**Source records:**
--
lemma enclosing_arcs_innermost:
  assumes N: "nesting_relation n nu" and "i < j"
    and kl: "(k, l) \<in> enclosing_arcs nu p q i j"
    and innermost: "\<And>k' l'. (k', l') \<in> enclosing_arcs nu p q i j \<Longrightarrow> k' \<le> k"
  shows "enclosing_arcs nu p q k k = enclosing_arcs nu p q i j"
proof (intro equalityI subsetI; clarify)
  fix k' l' assume kl': "(k', l') \<in> enclosing_arcs nu p q k k"
  have "j \<le> l'"
  proof (cases "k' = k")
    case True
    then show ?thesis using kl kl' nesting_relation_return_unique[OF N] unfolding enclosing_arcs_def by auto
  next
    case False
    then have "k' < k" using kl' unfolding enclosing_arcs_def by auto
    then have "l' < k \<or> l < l'"
      using nesting_relation_well_nested[OF N] kl kl' unfolding enclosing_arcs_def by blast
    then have "l < l'" using kl' unfolding enclosing_arcs_def by auto
    then show ?thesis using kl unfolding enclosing_arcs_def by auto
  qed
  then show "(k', l') \<in> enclosing_arcs nu p q i j" using kl kl' unfolding enclosing_arcs_def by auto
next
  fix k' l' assume kl': "(k', l') \<in> enclosing_arcs nu p q i j"
  then show "(k', l') \<in> enclosing_arcs nu p q k k"
    using innermost[OF kl'] kl \<open>i < j\<close> unfolding enclosing_arcs_def by auto
qed
lemma pgf_ennreal_tail_law:
  fixes p :: "nat pmf" and s c :: real
  assumes s: "0 \<le> s" "s < 1" and normalized: "c * ((1 - pgf p s) / (1 - s)) = 1"
  defines "f \<equiv> \<lambda>i. c * (\<Sum>j. pmf p (j + i + 1) * s ^ j)"
  shows "pgf_ennreal (embed_pmf f) s = ennreal (c * deriv (pgf p) s)"
proof -
  have "0 \<le> (1 - pgf p s) / (1 - s)"
    using s pgf_in_unit_interval[of s p] by simp
  with normalized have c: "0 \<le> c"
    by (smt (verit) mult_nonpos_nonneg)
  have tail: "ennreal (\<Sum>j. pmf p (j + i + 1) * s ^ j) = (\<Sum>j. ennreal (pmf p (j + i + 1) * s ^ j))"
    and tail_nonneg: "0 \<le> (\<Sum>j. pmf p (j + i + 1) * s ^ j)" for i
    using summable_tail_series[OF s, of p i] s
    by (auto intro!: suminf_ennreal2[symmetric] suminf_nonneg)
  have f: "ennreal (f i) = ennreal c * (\<Sum>j. ennreal (pmf p (j + i + 1) * s ^ j))" for i
    by (simp only: f_def ennreal_mult'[OF c] tail)
  have "(\<Sum>i. ennreal (f i)) = ennreal c * ennreal ((1 - pgf p s) / (1 - s))"
    by (simp only: f ennreal_suminf_cmult suminf_tail_geometric[OF s])
  also have "\<dots> = 1"
    by (simp only: ennreal_mult'[OF c, symmetric] normalized ennreal_1)
  finally have pmf_f: "pmf (embed_pmf f) i = f i" for i
    using c tail_nonneg by (intro pmf_embed_pmf_nat) (simp_all add: f_def)
  have "ennreal (f i * s ^ i) = ennreal c * (\<Sum>j. ennreal (pmf p (j + i + 1) * s ^ (j + i)))" for i
  proof -
    have "ennreal (f i * s ^ i) = ennreal (f i) * ennreal (s ^ i)"
      using s by (simp add: ennreal_mult'')
    also have "\<dots> = ennreal c * (\<Sum>j. ennreal (pmf p (j + i + 1) * s ^ j) * ennreal (s ^ i))"
      by (simp only: f ennreal_suminf_multc mult.assoc)
    also have "\<dots> = ennreal c * (\<Sum>j. ennreal (pmf p (j + i + 1) * s ^ (j + i)))"
      using s by (simp only: ennreal_mult''[symmetric] zero_le_power mult.assoc power_add)
    finally show ?thesis .
  qed
  then have "pgf_ennreal (embed_pmf f) s = ennreal c * (\<Sum>i. \<Sum>j. ennreal (pmf p (j + i + 1) * s ^ (j + i)))"
    using s by (simp add: pgf_ennreal_eq_suminf pmf_f)
  also have "\<dots> = ennreal (c * deriv (pgf p) s)"
    by (simp only: suminf_tail_deriv[OF s] ennreal_mult'[OF c])
  finally show ?thesis .
qed

lemma pgf_ennreal_truncated_geometric:
  fixes s :: real
  assumes s: "0 \<le> s" "s < 1" and z: "1 \<le> z"
  defines "g \<equiv> \<lambda>i. if i \<le> z - 1 then (1 - s) / (1 - s ^ z) * s ^ (z - i - 1) else 0"
  shows "pgf_ennreal (embed_pmf g) s = ennreal ((1 - s) / (1 - s ^ z) * (real z * s ^ (z - 1)))"
proof -
  have sz: "s ^ z < 1"
    using s z by (simp add: power_less_one_iff)
  have g_nonneg: "0 \<le> g i" for i
    using s sz by (simp add: g_def)
  have g_support: "g i = 0" if "i \<notin> {..<z}" for i
    using that z by (simp add: g_def)
  have "(\<Sum>i<z. g i) = (1 - s) / (1 - s ^ z) * (\<Sum>i<z. s ^ (z - Suc i))"
    using z by (auto simp: g_def sum_distrib_left intro!: sum.cong)
  also have "\<dots> = 1"
  proof -
    have "(1 - s) * (\<Sum>i<z. s ^ (z - Suc i)) = 1 - s ^ z"
      by (rule one_diff_power_eq'[symmetric])
    then show ?thesis using sz by (simp only: times_divide_eq_left) simp
  qed
  finally have g_sum: "(\<Sum>i. ennreal (g i)) = 1"
    using g_nonneg g_support by (subst suminf_finite[of "{..<z}"]) auto
  have pmf_g: "pmf (embed_pmf g) i = g i" for i
    using g_nonneg g_sum by (rule pmf_embed_pmf_nat)
  have "g i * s ^ i = (1 - s) / (1 - s ^ z) * s ^ (z - 1)" if "i < z" for i
    using that by (simp add: g_def mult.assoc flip: power_add)
  then have "(\<Sum>i<z. g i * s ^ i) = real z * ((1 - s) / (1 - s ^ z) * s ^ (z - 1))"
    by simp
  moreover have "pgf_ennreal (embed_pmf g) s = (\<Sum>i. ennreal (g i * s ^ i))"
    using s by (simp add: pgf_ennreal_eq_suminf pmf_g)
  moreover have "\<dots> = ennreal (\<Sum>i<z. g i * s ^ i)"
    using s g_nonneg g_support by (subst suminf_finite[of "{..<z}"]) auto
  ultimately show ?thesis by (simp add: mult_ac)
qed

lemma pmf_Zhat_law_initial_0:
  assumes z: "1 \<le> z" and pm1: "pm1 q z n > 0"
  shows "pmf (Zhat_law q z n 0) 0 = pp q 0 n / pm1 q z n * deriv (fgen q z 0) (fcomp q 0 n 0)"
proof -
  define s where "s = fcomp q 0 n 0"
  have s_unit: "0 \<le> s" "s \<le> 1"
    using fcomp_in_unit_interval[of 0 q 0 n] by (simp_all add: s_def)
  have pm1_eq: "pm1 q z n = 1 - s ^ z"
    by (simp add: pm1_def s_def)
  with pm1 s_unit have "s < 1"
    by (cases "s = 1") simp_all
  have "Yhat q z n 0 = embed_pmf (\<lambda>i. if i \<le> z - 1 then (1 - s) / (1 - s ^ z) * s ^ (z - i - 1) else 0)"
    unfolding Yhat_def pm1_def s_def by simp
  then have "ennreal (pmf (Zhat_law q z n 0) 0) = ennreal ((1 - s) / (1 - s ^ z) * (real z * s ^ (z - 1)))"
    using pgf_ennreal_truncated_geometric[OF s_unit(1) \<open>s < 1\<close> z]
    by (simp add: Zhat_law_def pmf_evolve_0 flip: s_def)
  then have "pmf (Zhat_law q z n 0) 0 = (1 - s) / (1 - s ^ z) * (real z * s ^ (z - 1))"
    using pm1 s_unit by (simp add: pm1_eq)
  moreover have "deriv (fgen q z 0) s = real z * s ^ (z - 1)"
    by (simp add: fgen_def DERIV_imp_deriv DERIV_pow)
  ultimately show ?thesis
    by (simp add: pp_def pm1_eq flip: s_def)
qed
lemma monomial_bound:
  fixes t w r \<rho> l D \<eta> :: real
  assumes t: "0 < t" "t \<le> \<rho>" and \<rho>1: "\<rho> \<le> 1" and r: "0 \<le> r" "r \<le> \<rho>"
    and w: "0 \<le> w" "w \<le> r * t powr l" and l: "0 \<le> l" and \<eta>: "0 \<le> \<eta>"
    and weight: "D \<le> real i + l * real j"
    and low_weight: "j \<le> 1 \<Longrightarrow> D + \<eta> \<le> real i + l * real j"
  shows "t ^ i * w ^ j \<le> \<rho> ^ i * \<rho> ^ j * (\<rho> powr (-(D + \<eta> + 2)) * (t powr D * (t powr \<eta> + r\<^sup>2)))"
proof -
  have "\<rho> powr (real (i + j) - (D + \<eta> + 2)) = \<rho> powr real i * \<rho> powr real j * \<rho> powr (-(D + \<eta> + 2))"
    by (simp only: powr_add[symmetric]) (simp add: algebra_simps)
  also have "\<dots> = \<rho> ^ i * \<rho> ^ j * \<rho> powr (-(D + \<eta> + 2))" using t by (simp add: powr_realpow)
  finally have \<rho>_pow: "\<rho> powr (real (i + j) - (D + \<eta> + 2)) = \<rho> ^ i * \<rho> ^ j * \<rho> powr (-(D + \<eta> + 2))" .
  have "t ^ i * w ^ j \<le> \<rho> powr (real (i + j) - (D + \<eta> + 2)) * (t powr D * (t powr \<eta> + r\<^sup>2))"
  proof (cases "j \<le> 1")
    case True
    then have "t ^ i * w ^ j \<le> \<rho> powr (real (i + j) - (D + \<eta> + 2)) * (t powr D * t powr \<eta>)"
      using r \<rho>1 by (intro monomial_bound_low_degree[OF t \<rho>1 r(1) _ w l True low_weight]) auto
    also have "\<dots> \<le> \<rho> powr (real (i + j) - (D + \<eta> + 2)) * (t powr D * (t powr \<eta> + r\<^sup>2))"
      by (intro mult_left_mono) auto
    finally show ?thesis .
  next
    case False
    then have "t ^ i * w ^ j \<le> \<rho> powr (real (i + j) - (D + \<eta> + 2)) * (t powr D * r\<^sup>2)"
      by (intro monomial_bound_high_degree[OF t \<rho>1 r w l \<eta> _ weight]) auto
    also have "\<dots> \<le> \<rho> powr (real (i + j) - (D + \<eta> + 2)) * (t powr D * (t powr \<eta> + r\<^sup>2))"
      by (intro mult_left_mono) auto
    finally show ?thesis .
  qed
  then show ?thesis unfolding \<rho>_pow by (simp add: ac_simps)
qed

lemma norm_infsum_le_infsum_mult:
  fixes f :: "'a \<Rightarrow> 'b::banach" and g :: "'a \<Rightarrow> real"
  assumes f: "(\<lambda>x. norm (f x)) summable_on A" and g: "g summable_on A"
    and le: "\<And>x. x \<in> A \<Longrightarrow> norm (f x) \<le> g x * B"
  shows "norm (infsum f A) \<le> infsum g A * B"
proof -
  have "norm (infsum f A) \<le> (\<Sum>\<^sub>\<infinity>x\<in>A. norm (f x))" by (rule norm_infsum_bound[OF f])
  also have "\<dots> \<le> (\<Sum>\<^sub>\<infinity>x\<in>A. g x * B)" by (rule infsum_mono[OF f summable_on_cmult_left[OF g] le])
  also have "\<dots> = infsum g A * B" by (rule infsum_cmult_left[OF g])
  finally show ?thesis .
qed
--
**Brief:** Please output exactly the lines between the one holding "by (rule one_diff_power_eq'[symmetric])" and the one holding "using g_nonneg g_sum" in the records above, inclusive, and nothing more.

**Exercise answer:**
      by (rule one_diff_power_eq'[symmetric])
    then show ?thesis using sz by (simp only: times_divide_eq_left) simp
  qed
  finally have g_sum: "(\<Sum>i. ennreal (g i)) = 1"
    using g_nonneg g_support by (subst suminf_finite[of "{..<z}"]) auto
  have pmf_g: "pmf (embed_pmf g) i = g i" for i
    using g_nonneg g_sum by (rule pmf_embed_pmf_nat)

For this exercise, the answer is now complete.